(DATA FOR PROCESSING Opens)

(* Under the hypotheses of Lemma 2.2, define $T=P_1\phi(P_1)P_2+P_2\phi(P_2)P_1$ and the additive map $\varphi:\mathcal{U}\to\mathcal{U}$ by $\varphi(U)=\phi(U)-\phi(I)U+[T,U]$. Then (1) $\varphi(P_1)=\varphi(P_2)=0$; and (2) $\varphi$ satisfies $\varphi(U)\circ V+U\circ\varphi(V)=0$ for all $U,V\in\mathcal{U}$ with $UV=VU=0$.
   Context: $\mathcal{U}=\begin{pmatrix}\mathcal{A}&\mathcal{M}\\ \mathcal{N}&\mathcal{B}\end{pmatrix}$ is a generalized matrix ring: $\mathcal{A},\mathcal{B}$ unital 2-torsion free rings, $\mathcal{M}$ a unital $(\mathcal{A},\mathcal{B})$-bimodule faithful on both sides, $\mathcal{N}$ a unital $(\mathcal{B},\mathcal{A})$-bimodule, with bimodule pairings $MN\in\mathcal{A}$, $NM\in\mathcal{B}$ satisfying $(MN)M'=M(NM')$, $(NM)N'=N(MN')$; $\mathcal{U}$ consists of $2\times2$ matrices with usual matrix operations and identity $I$. The hypotheses of Lemma 2.2: $\phi:\mathcal{U}\to\mathcal{U}$ is additive and $\phi(U)\circ V+U\circ\phi(V)=0$ whenever $UV=VU=0$. $X\circ Y=XY+YX$, $[X,Y]=XY-YX$. $P_1=\mathrm{diag}(I_{\mathcal{A}},0)$, $P_2=\mathrm{diag}(0,I_{\mathcal{B}})$. *)

theory Defs
  imports Main
begin

text \<open>A generalized matrix ring U = [[A, M], [N, B]] (Morita context).
  A :: 'a, B :: 'b are unital rings; M :: 'm, N :: 'n abelian groups;
  the module actions and the pairings are packaged in a record.\<close>

record ('a, 'm, 'n, 'b) morita =
  lmM :: "'a \<Rightarrow> 'm \<Rightarrow> 'm"
  rmM :: "'m \<Rightarrow> 'b \<Rightarrow> 'm"
  lmN :: "'b \<Rightarrow> 'n \<Rightarrow> 'n"
  rmN :: "'n \<Rightarrow> 'a \<Rightarrow> 'n"
  pMN :: "'m \<Rightarrow> 'n \<Rightarrow> 'a"
  pNM :: "'n \<Rightarrow> 'm \<Rightarrow> 'b"

locale gen_matrix_ring =
  fixes R :: "('a::ring_1, 'm::ab_group_add, 'n::ab_group_add, 'b::ring_1) morita"
  assumes
    lmM_add1: "lmM R (a + a') m = lmM R a m + lmM R a' m" and
    lmM_add2: "lmM R a (m + m') = lmM R a m + lmM R a m'" and
    lmM_mult: "lmM R (a * a') m = lmM R a (lmM R a' m)" and
    lmM_one: "lmM R 1 m = m" and
    rmM_add1: "rmM R (m + m') b = rmM R m b + rmM R m' b" and
    rmM_add2: "rmM R m (b + b') = rmM R m b + rmM R m b'" and
    rmM_mult: "rmM R m (b * b') = rmM R (rmM R m b) b'" and
    rmM_one: "rmM R m 1 = m" and
    M_bimod: "lmM R a (rmM R m b) = rmM R (lmM R a m) b" and
    lmN_add1: "lmN R (b + b') n = lmN R b n + lmN R b' n" and
    lmN_add2: "lmN R b (n + n') = lmN R b n + lmN R b n'" and
    lmN_mult: "lmN R (b * b') n = lmN R b (lmN R b' n)" and
    lmN_one: "lmN R 1 n = n" and
    rmN_add1: "rmN R (n + n') a = rmN R n a + rmN R n' a" and
    rmN_add2: "rmN R n (a + a') = rmN R n a + rmN R n a'" and
    rmN_mult: "rmN R n (a * a') = rmN R (rmN R n a) a'" and
    rmN_one: "rmN R n 1 = n" and
    N_bimod: "lmN R b (rmN R n a) = rmN R (lmN R b n) a" and
    pMN_add1: "pMN R (m + m') n = pMN R m n + pMN R m' n" and
    pMN_add2: "pMN R m (n + n') = pMN R m n + pMN R m n'" and
    pMN_left: "pMN R (lmM R a m) n = a * pMN R m n" and
    pMN_right: "pMN R m (rmN R n a) = pMN R m n * a" and
    pMN_mid: "pMN R (rmM R m b) n = pMN R m (lmN R b n)" and
    pNM_add1: "pNM R (n + n') m = pNM R n m + pNM R n' m" and
    pNM_add2: "pNM R n (m + m') = pNM R n m + pNM R n m'" and
    pNM_left: "pNM R (lmN R b n) m = b * pNM R n m" and
    pNM_right: "pNM R n (rmM R m b) = pNM R n m * b" and
    pNM_mid: "pNM R (rmN R n a) m = pNM R n (lmM R a m)" and
    assoc_MNM: "lmM R (pMN R m n) m' = rmM R m (pNM R n m')" and
    assoc_NMN: "lmN R (pNM R n m) n' = rmN R n (pMN R m n')" and
    A_2tf: "(2::'a) * a = 0 \<Longrightarrow> a = 0" and
    B_2tf: "(2::'b) * b = 0 \<Longrightarrow> b = 0" and
    M_faithful_left: "(\<forall>m. lmM R a m = 0) \<Longrightarrow> a = 0" and
    M_faithful_right: "(\<forall>m. rmM R m b = 0) \<Longrightarrow> b = 0"

datatype ('a, 'm, 'n, 'b) gmat = Mat (e11: 'a) (e12: 'm) (e21: 'n) (e22: 'b)

definition mzero :: "('a::zero, 'm::zero, 'n::zero, 'b::zero) gmat" where
  "mzero = Mat 0 0 0 0"

definition mI :: "('a::{zero,one}, 'm::zero, 'n::zero, 'b::{zero,one}) gmat" where
  "mI = Mat 1 0 0 1"

definition P1 :: "('a::{zero,one}, 'm::zero, 'n::zero, 'b::zero) gmat" where
  "P1 = Mat 1 0 0 0"

definition P2 :: "('a::zero, 'm::zero, 'n::zero, 'b::{zero,one}) gmat" where
  "P2 = Mat 0 0 0 1"

definition madd :: "('a::plus, 'm::plus, 'n::plus, 'b::plus) gmat \<Rightarrow> ('a, 'm, 'n, 'b) gmat \<Rightarrow> ('a, 'm, 'n, 'b) gmat" where
  "madd X Y = Mat (e11 X + e11 Y) (e12 X + e12 Y) (e21 X + e21 Y) (e22 X + e22 Y)"

definition msub :: "('a::minus, 'm::minus, 'n::minus, 'b::minus) gmat \<Rightarrow> ('a, 'm, 'n, 'b) gmat \<Rightarrow> ('a, 'm, 'n, 'b) gmat" where
  "msub X Y = Mat (e11 X - e11 Y) (e12 X - e12 Y) (e21 X - e21 Y) (e22 X - e22 Y)"

definition mmul :: "('a::ring_1, 'm::ab_group_add, 'n::ab_group_add, 'b::ring_1) morita \<Rightarrow>
    ('a, 'm, 'n, 'b) gmat \<Rightarrow> ('a, 'm, 'n, 'b) gmat \<Rightarrow> ('a, 'm, 'n, 'b) gmat" where
  "mmul R X Y = Mat
     (e11 X * e11 Y + pMN R (e12 X) (e21 Y))
     (lmM R (e11 X) (e12 Y) + rmM R (e12 X) (e22 Y))
     (rmN R (e21 X) (e11 Y) + lmN R (e22 X) (e21 Y))
     (pNM R (e21 X) (e12 Y) + e22 X * e22 Y)"

definition jordan where "jordan R X Y = madd (mmul R X Y) (mmul R Y X)"
definition lie where "lie R X Y = msub (mmul R X Y) (mmul R Y X)"

definition Tmat where
  "Tmat R \<phi> = madd (mmul R (mmul R P1 (\<phi> P1)) P2) (mmul R (mmul R P2 (\<phi> P2)) P1)"

definition varphi where
  "varphi R \<phi> U = madd (msub (\<phi> U) (mmul R (\<phi> mI) U)) (lie R (Tmat R \<phi>) U)"

end

theory Submission
  imports Defs "HOL.Modules"
begin

text \<open>Both parts rest on the shape of \<open>\<phi>(P\<^sub>1)\<close> and \<open>\<phi>(P\<^sub>2)\<close>. The hypothesis for the
  orthogonal idempotents \<open>P\<^sub>1, P\<^sub>2\<close> makes their off-diagonal parts cancel and, by
  2-torsion freeness, kills the "wrong" diagonal corners; this gives part (1) by direct computation
  and shows that \<open>\<phi>(I) = \<phi>(P\<^sub>1) + \<phi>(P\<^sub>2)\<close> is diagonal. Polarizing the hypothesis
  along \<open>P\<^sub>1 + E, P\<^sub>2 - E\<close> for square-zero off-diagonal \<open>E\<close> shows that the corners of
  \<open>\<phi>(I)\<close> intertwine the module actions, so by faithfulness of \<open>M\<close> it is central. Part (2) then
  holds because the zero-product identity survives subtracting multiplication by a central element
  and adding an inner derivation \<open>[T, -]\<close>.\<close>

instantiation gmat :: (ab_group_add, ab_group_add, ab_group_add, ab_group_add) ab_group_add
begin
definition zero_gmat_def: "0 = Mat 0 0 0 0"
definition plus_gmat_def: "X + Y = Mat (e11 X + e11 Y) (e12 X + e12 Y) (e21 X + e21 Y) (e22 X + e22 Y)"
definition minus_gmat_def: "X - Y = Mat (e11 X - e11 Y) (e12 X - e12 Y) (e21 X - e21 Y) (e22 X - e22 Y)"
definition uminus_gmat_def: "- X = Mat (- e11 X) (- e12 X) (- e21 X) (- e22 X)"
instance by standard (simp_all add: zero_gmat_def plus_gmat_def minus_gmat_def uminus_gmat_def algebra_simps)
end

lemma gmat_sel_arith [simp]:
  "e11 (X + Y) = e11 X + e11 Y" "e12 (X + Y) = e12 X + e12 Y"
  "e21 (X + Y) = e21 X + e21 Y" "e22 (X + Y) = e22 X + e22 Y"
  "e11 (X - Y) = e11 X - e11 Y" "e12 (X - Y) = e12 X - e12 Y"
  "e21 (X - Y) = e21 X - e21 Y" "e22 (X - Y) = e22 X - e22 Y"
  "e11 (- X) = - e11 X" "e12 (- X) = - e12 X" "e21 (- X) = - e21 X" "e22 (- X) = - e22 X"
  "e11 0 = 0" "e12 0 = 0" "e21 0 = 0" "e22 0 = 0"
  by (simp_all add: zero_gmat_def plus_gmat_def minus_gmat_def uminus_gmat_def)

lemma P1_P2_sel [simp]:
  "e11 P1 = 1" "e12 P1 = 0" "e21 P1 = 0" "e22 P1 = 0"
  "e11 P2 = 0" "e12 P2 = 0" "e21 P2 = 0" "e22 P2 = 1"
  by (simp_all add: P1_def P2_def)

lemma madd_eq_plus: "madd X Y = X + Y"
  by (simp add: madd_def plus_gmat_def)

lemma msub_eq_minus: "msub X Y = X - Y"
  by (simp add: msub_def minus_gmat_def)

lemma mzero_eq_zero: "mzero = 0"
  by (simp add: mzero_def zero_gmat_def)

lemma mI_eq_P1_plus_P2: "mI = P1 + P2"
  by (simp add: mI_def P1_def P2_def plus_gmat_def)

lemma jordan_eq: "jordan R X Y = mmul R X Y + mmul R Y X"
  by (simp add: jordan_def madd_eq_plus)

lemma lie_eq: "lie R X Y = mmul R X Y - mmul R Y X"
  by (simp add: lie_def msub_eq_minus)

lemma varphi_eq: "varphi R \<phi> U = \<phi> U - mmul R (\<phi> mI) U + lie R (Tmat R \<phi>) U"
  by (simp add: varphi_def madd_eq_plus msub_eq_minus)

context gen_matrix_ring
begin

sublocale lmM_left: additive "\<lambda>a. lmM R a m" for m by unfold_locales (rule lmM_add1)
sublocale lmM_right: additive "lmM R a" for a by unfold_locales (rule lmM_add2)
sublocale rmM_left: additive "\<lambda>m. rmM R m b" for b by unfold_locales (rule rmM_add1)
sublocale rmM_right: additive "rmM R m" for m by unfold_locales (rule rmM_add2)
sublocale lmN_left: additive "\<lambda>b. lmN R b n" for n by unfold_locales (rule lmN_add1)
sublocale lmN_right: additive "lmN R b" for b by unfold_locales (rule lmN_add2)
sublocale rmN_left: additive "\<lambda>n. rmN R n a" for a by unfold_locales (rule rmN_add1)
sublocale rmN_right: additive "rmN R n" for n by unfold_locales (rule rmN_add2)
sublocale pMN_left: additive "\<lambda>m. pMN R m n" for n by unfold_locales (rule pMN_add1)
sublocale pMN_right: additive "pMN R m" for m by unfold_locales (rule pMN_add2)
sublocale pNM_left: additive "\<lambda>n. pNM R n m" for m by unfold_locales (rule pNM_add1)
sublocale pNM_right: additive "pNM R n" for n by unfold_locales (rule pNM_add2)

lemmas module_zero_minus [simp] =
  lmM_left.zero lmM_right.zero rmM_left.zero rmM_right.zero
  lmN_left.zero lmN_right.zero rmN_left.zero rmN_right.zero
  pMN_left.zero pMN_right.zero pNM_left.zero pNM_right.zero
  lmM_left.minus lmM_right.minus rmM_left.minus rmM_right.minus
  lmN_left.minus lmN_right.minus rmN_left.minus rmN_right.minus
  pMN_left.minus pMN_right.minus pNM_left.minus pNM_right.minus
  lmM_left.diff lmM_right.diff rmM_left.diff rmM_right.diff
  lmN_left.diff lmN_right.diff rmN_left.diff rmN_right.diff
  pMN_left.diff pMN_right.diff pNM_left.diff pNM_right.diff
  lmM_one rmM_one lmN_one rmN_one

lemmas module_add =
  lmM_add1 lmM_add2 rmM_add1 rmM_add2 lmN_add1 lmN_add2 rmN_add1 rmN_add2
  pMN_add1 pMN_add2 pNM_add1 pNM_add2

lemmas module_assoc =
  lmM_mult rmM_mult lmN_mult rmN_mult M_bimod N_bimod pMN_left pMN_right pMN_mid
  pNM_left pNM_right pNM_mid assoc_MNM assoc_NMN

lemma mmul_add_left [simp]: "mmul R (X + Y) Z = mmul R X Z + mmul R Y Z"
  by (simp add: mmul_def module_add algebra_simps plus_gmat_def)

lemma mmul_add_right [simp]: "mmul R Z (X + Y) = mmul R Z X + mmul R Z Y"
  by (simp add: mmul_def module_add algebra_simps plus_gmat_def)

lemma mmul_minus_left [simp]: "mmul R (- X) Z = - mmul R X Z"
  by (simp add: mmul_def algebra_simps uminus_gmat_def)

lemma mmul_minus_right [simp]: "mmul R Z (- X) = - mmul R Z X"
  by (simp add: mmul_def algebra_simps uminus_gmat_def)

lemma mmul_diff_left [simp]: "mmul R (X - Y) Z = mmul R X Z - mmul R Y Z"
  by (metis diff_conv_add_uminus mmul_add_left mmul_minus_left)
(* Let $m=m_n\ge 1$ and $d=d_n$ be integers with $2\le d\le n$, and let $H^*_{nmd}$ be the random hypergraph on node set $\{1,\dots,n\}$ whose hyperedge set is $\{V_1,\dots,V_m\}$, where $V_1,\dots,V_m$ are mutually independent uniformly random $d$-element subsets of $\{1,\dots,n\}$. Then, as $n\to\infty$, \[ \mathbb{P}(H^*_{nmd} \text{ is connected}) \to \begin{cases} 0 & \text{if } \log n + m\log(1-d/n) \to +\infty,\\ 1 & \text{if } \log n + m\log(1-d/n) \to -\infty.\end{cases} \]
   Context: A hypergraph on node set $V$ is connected if for every partition of $V$ into nonempty sets $V_1',V_2'$ some hyperedge meets both. Convention $\log 0=-\infty$. *)

theory Defs
  imports "HOL-Probability.Probability"
begin

definition hyp_connected :: "'a set \<Rightarrow> 'a set set \<Rightarrow> bool" where
  "hyp_connected V E \<longleftrightarrow>
     (\<forall>A. A \<subseteq> V \<and> A \<noteq> {} \<and> V - A \<noteq> {} \<longrightarrow>
        (\<exists>e\<in>E. e \<inter> A \<noteq> {} \<and> e \<inter> (V - A) \<noteq> {}))"

definition unif_dsubset :: "nat \<Rightarrow> nat \<Rightarrow> nat set pmf" where
  "unif_dsubset n d = pmf_of_set {S. S \<subseteq> {1..n} \<and> card S = d}"

definition hyp_model :: "nat \<Rightarrow> nat \<Rightarrow> nat \<Rightarrow> (nat \<Rightarrow> nat set) pmf" where
  "hyp_model n m d = Pi_pmf {..<m} {} (\<lambda>_. unif_dsubset n d)"

definition prob_connected :: "nat \<Rightarrow> nat \<Rightarrow> nat \<Rightarrow> real" where
  "prob_connected n m d =
     measure_pmf.prob (hyp_model n m d)
       {V. hyp_connected {1..n} (V ` {..<m})}"

text \<open>The quantity log n + m log(1 - d/n) as an extended real, with log 0 = -infinity.\<close>
definition threshold_quantity :: "nat \<Rightarrow> nat \<Rightarrow> nat \<Rightarrow> ereal" where
  "threshold_quantity n m d =
     ereal (ln (real n)) +
     (if d = n then - \<infinity> else ereal (real m * ln (1 - real d / real n)))"

end

theory Submission
  imports Defs
begin

text \<open>Let \<open>\<epsilon> = n (1 - d/n)^m\<close>. A fixed node misses a random \<open>d\<close>-set with probability
  \<open>1 - d/n\<close>, so \<open>\<epsilon>\<close> is the expected number of isolated nodes, and the threshold quantity is
  \<open>ln \<epsilon>\<close>. If \<open>\<epsilon> \<rightarrow> \<infinity>\<close>, two distinct nodes are both missed with probability at most
  \<open>(1 - d/n)^(2m)\<close>, so the second moment method shows that with probability at least \<open>1 - 1/\<epsilon>\<close>
  some node is isolated, and then the hypergraph is disconnected. If \<open>\<epsilon> \<rightarrow> 0\<close>, a disconnected
  hypergraph has a side \<open>A\<close> with \<open>1 \<le> |A| = k \<le> n/2\<close> that no hyperedge crosses. A random
  \<open>d\<close>-set fails to cross a fixed such cut with probability at most \<open>(1 - d/n)^(k(n - k)/(n - 1))\<close>,
  and with \<open>binomial n k \<le> (2e)^k n^(k(n - k)/n)\<close> the union bound over all cuts is at most
  \<open>\<Sum>\<^sub>k (2e\<surd>\<epsilon>)^k\<close>, which tends to 0.\<close>

lemma one_minus_mult_le_powr:
  fixes x c :: real
  assumes "0 \<le> x" "x \<le> 1" "1 \<le> c"
  shows "1 - c * x \<le> (1 - x) powr c"
proof (cases "x = 1")
  case True
  then show ?thesis using assms by simp
next
  case False
  define y where "y = (1 - x) powr c"
  have "y > 0" using assms False by (simp add: y_def)
  then have "y powr (1/c) * 1 powr (1 - 1/c) \<le> (1/c) * y + (1 - 1/c) * 1"
    using Youngs_inequality_0[of "1/c" "1 - 1/c" y 1] assms by simp
  moreover have "y powr (1/c) = 1 - x"
    using assms False by (simp add: y_def powr_powr)
  ultimately have "c * (1 - x) \<le> c * (y/c + (1 - 1/c))"
    using assms by (intro mult_left_mono) auto
  then show ?thesis using assms by (simp add: y_def algebra_simps)
qed

lemma power_le_exp_mult_fact: "x ^ k \<le> exp x * fact k" if "0 \<le> x" for x :: real
proof -
  have "(\<Sum>i\<in>{k}. x ^ i /\<^sub>R fact i) \<le> (\<Sum>i. x ^ i /\<^sub>R fact i)"
    using that by (intro sum_le_suminf summable_exp_generic) auto
  then have "x ^ k / fact k \<le> exp x" by (simp add: exp_def divide_inverse_commute)
  then show ?thesis by (simp add: field_simps)
qed

lemma powr_square_div_le_double_power:
  assumes "1 \<le> k" "2 * k \<le> n"
  shows "real n powr (real k * real k / real n) \<le> (2 * real k) ^ k"
proof -
  have k: "real k \<ge> 1" and n: "real n \<ge> 2 * real k" using assms by simp_all
  have "ln 2 \<le> ln (2 * real k)" using k by simp
  then have "1/2 \<le> ln (2 * real k)" using ln2_ge_two_thirds by linarith
  then have half: "(real n - real k) / 2 \<le> (real n - real k) * ln (2 * real k)"
    using n k by (simp add: mult_left_mono)
  have "ln (real n) = ln (2 * real k) + ln (real n / (2 * real k))"
    using k n by (simp add: ln_div)
  also have "\<dots> \<le> ln (2 * real k) + (real n / (2 * real k) - 1)"
    using k n by (intro add_left_mono ln_le_minus_one) auto
  finally have "real k * ln (real n) \<le> real k * ln (2 * real k) + (real n - real k) / 2"
    using k by (auto simp: field_simps dest: mult_left_mono[of _ _ "real k"])
  also have "\<dots> \<le> real n * ln (2 * real k)"
    using half by (simp add: algebra_simps)
  finally have "real k * real k / real n * ln (real n) \<le> real k * ln (2 * real k)"
    using k n by (simp add: field_simps)
  then have "exp (real k * real k / real n * ln (real n)) \<le> exp (real k * ln (2 * real k))"
    by simp
  then show ?thesis using k n by (simp add: powr_def exp_of_nat_mult)
qed
lemma eigs_real_symmetric:
  fixes M :: "real mat"
  assumes M: "M \<in> carrier_mat n n"
    and sym: "\<And>i j. i < n \<Longrightarrow> j < n \<Longrightarrow> M $$ (i, j) = M $$ (j, i)"
    and bound: "\<And>x. c * (\<Sum>i<n. (x i)\<^sup>2) \<le> quad_form M x"
  shows "sorted_wrt (\<ge>) (eigs M)" and "length (eigs M) = n" and "\<forall>r\<in>set (eigs M). c \<le> r"
    and "det M = prod_list (eigs M)" and "trace_mat M = sum_list (eigs M)"
proof -
  obtain rs where split: "char_poly M = (\<Prod>r\<leftarrow>rs. [:- r, 1:])" and ge: "\<forall>r\<in>set rs. c \<le> r"
    using char_poly_real_symmetric_splits[OF M sym bound] .
  have eigs: "eigs M = rev (sort rs)"
    using eigs_eq_rev_sort[OF M split] .
  have "mset (eigs M) = mset rs"
    by (simp add: eigs)
  then have "prod_list (eigs M) = prod_list rs" "sum_list (eigs M) = sum_list rs"
    by (metis prod_mset_prod_list, metis sum_mset_sum_list)
  then show "det M = prod_list (eigs M)" "trace_mat M = sum_list (eigs M)"
    using det_trace_if_char_poly_splits[OF M split] by simp_all
  show "sorted_wrt (\<ge>) (eigs M)" "\<forall>r\<in>set (eigs M). c \<le> r"
    using ge by (simp_all add: eigs sorted_wrt_rev)
  show "length (eigs M) = n"
    using degree_monic_char_poly[OF M] degree_linear_factors[of uminus rs] split by (simp add: eigs)
qed

section \<open>The matrix \<open>A_alpha\<close> of a graph\<close>

lemma A_alpha_carrier: "A_alpha a n E \<in> carrier_mat n n"
  unfolding A_alpha_def deg_matrix_def adj_matrix_def by auto

lemma A_alpha_index:
  assumes "i < n" "j < n"
  shows "A_alpha a n E $$ (i, j)
    = a * (if i = j then real (degree n E i) else 0) + (1 - a) * (if E i j then 1 else 0)"
  using assms unfolding A_alpha_def deg_matrix_def adj_matrix_def by auto

lemma A_alpha_symmetric:
  assumes "simple_graph n E" "i < n" "j < n"
  shows "A_alpha a n E $$ (i, j) = A_alpha a n E $$ (j, i)"
  using assms unfolding simple_graph_def by (auto simp: A_alpha_index)

lemma degree_eq_sum: "real (degree n E i) = (\<Sum>j<n. if E i j then 1 else 0)"
proof -
  have "{j. j < n \<and> E i j} = {..<n} \<inter> {j. E i j}"
    by auto
  then show ?thesis
    unfolding degree_def by (simp add: sum.If_cases)
qed

lemma degree_pos_if_no_isolated:
  assumes "no_isolated n E" "i < n"
  shows "0 < degree n E i"
  using assms unfolding no_isolated_def degree_def by (auto simp: card_gt_0_iff)

lemma quad_form_A_alpha:
  "quad_form (A_alpha a n E) x
    = a * quad_form (deg_matrix n E) x + (1 - a) * quad_form (adj_matrix n E) x"
proof -
  have "quad_form (A_alpha a n E) x
      = (\<Sum>i<n. \<Sum>j<n. a * (deg_matrix n E $$ (i, j) * x i * x j)
          + (1 - a) * (adj_matrix n E $$ (i, j) * x i * x j))"
    unfolding quad_form_def using A_alpha_carrier[of a n E]
    by (intro sum.cong refl) (auto simp: A_alpha_def deg_matrix_def adj_matrix_def algebra_simps)
  then show ?thesis
    by (simp add: quad_form_def deg_matrix_def adj_matrix_def sum.distrib sum_distrib_left)
qed

lemma quad_form_deg_matrix:
  "quad_form (deg_matrix n E) x = (\<Sum>i<n. real (degree n E i) * (x i)\<^sup>2)"
proof -
  have "quad_form (deg_matrix n E) x
      = (\<Sum>i<n. \<Sum>j<n. if j = i then real (degree n E i) * (x i)\<^sup>2 else 0)"
    unfolding quad_form_def deg_matrix_def
    by (intro sum.cong refl) (auto simp: power2_eq_square)
  then show ?thesis
    by simp
qed

lemma quad_form_adj_matrix:
  "quad_form (adj_matrix n E) x = (\<Sum>i<n. \<Sum>j<n. if E i j then x i * x j else 0)"
  unfolding quad_form_def adj_matrix_def by (intro sum.cong refl) auto

lemma signless_laplacian_quad_form_nonneg:
  assumes "simple_graph n E"
  shows "0 \<le> quad_form (deg_matrix n E) x + quad_form (adj_matrix n E) x"
proof -
  define e where "e i j = (if E i j then 1 else 0 :: real)" for i j
  define D where "D = (\<Sum>i<n. \<Sum>j<n. e i j * (x i)\<^sup>2)"
  have D: "quad_form (deg_matrix n E) x = D"
    unfolding quad_form_deg_matrix D_def degree_eq_sum e_def by (simp add: sum_distrib_right)
  have D_swap: "(\<Sum>i<n. \<Sum>j<n. e i j * (x j)\<^sup>2) = D"
    unfolding D_def using assms
    by (subst sum.swap) (intro sum.cong refl, auto simp: e_def simple_graph_def)
  have A: "quad_form (adj_matrix n E) x = (\<Sum>i<n. \<Sum>j<n. e i j * x i * x j)"
    unfolding quad_form_adj_matrix e_def by (intro sum.cong refl) auto
  have "0 \<le> (\<Sum>i<n. \<Sum>j<n. e i j * (x i + x j)\<^sup>2)"
    by (intro sum_nonneg) (simp add: e_def)
  also have "\<dots> = D + 2 * (\<Sum>i<n. \<Sum>j<n. e i j * x i * x j) + (\<Sum>i<n. \<Sum>j<n. e i j * (x j)\<^sup>2)"
    unfolding D_def by (simp add: sum.distrib sum_distrib_left power2_eq_square algebra_simps)
  finally show ?thesis
    unfolding D A D_swap by simp
qed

(DATA FOR PROCESSING Closes)

▶ _WHAT YOU ARE ASKED TO DO_
Set down precisely the lines above between the line holding "(\<Sum>i<n. real (degree" and the line holding "e i j * (x i +", inclusive, and nothing beyond them.

▶ _ANSWER SECTION_
  "quad_form (deg_matrix n E) x = (\<Sum>i<n. real (degree n E i) * (x i)\<^sup>2)"
proof -
  have "quad_form (deg_matrix n E) x
      = (\<Sum>i<n. \<Sum>j<n. if j = i then real (degree n E i) * (x i)\<^sup>2 else 0)"
    unfolding quad_form_def deg_matrix_def
    by (intro sum.cong refl) (auto simp: power2_eq_square)
  then show ?thesis
    by simp
qed

lemma quad_form_adj_matrix:
  "quad_form (adj_matrix n E) x = (\<Sum>i<n. \<Sum>j<n. if E i j then x i * x j else 0)"
  unfolding quad_form_def adj_matrix_def by (intro sum.cong refl) auto

lemma signless_laplacian_quad_form_nonneg:
  assumes "simple_graph n E"
  shows "0 \<le> quad_form (deg_matrix n E) x + quad_form (adj_matrix n E) x"
proof -
  define e where "e i j = (if E i j then 1 else 0 :: real)" for i j
  define D where "D = (\<Sum>i<n. \<Sum>j<n. e i j * (x i)\<^sup>2)"
  have D: "quad_form (deg_matrix n E) x = D"
    unfolding quad_form_deg_matrix D_def degree_eq_sum e_def by (simp add: sum_distrib_right)
  have D_swap: "(\<Sum>i<n. \<Sum>j<n. e i j * (x j)\<^sup>2) = D"
    unfolding D_def using assms
    by (subst sum.swap) (intro sum.cong refl, auto simp: e_def simple_graph_def)
  have A: "quad_form (adj_matrix n E) x = (\<Sum>i<n. \<Sum>j<n. e i j * x i * x j)"
    unfolding quad_form_adj_matrix e_def by (intro sum.cong refl) auto
  have "0 \<le> (\<Sum>i<n. \<Sum>j<n. e i j * (x i + x j)\<^sup>2)"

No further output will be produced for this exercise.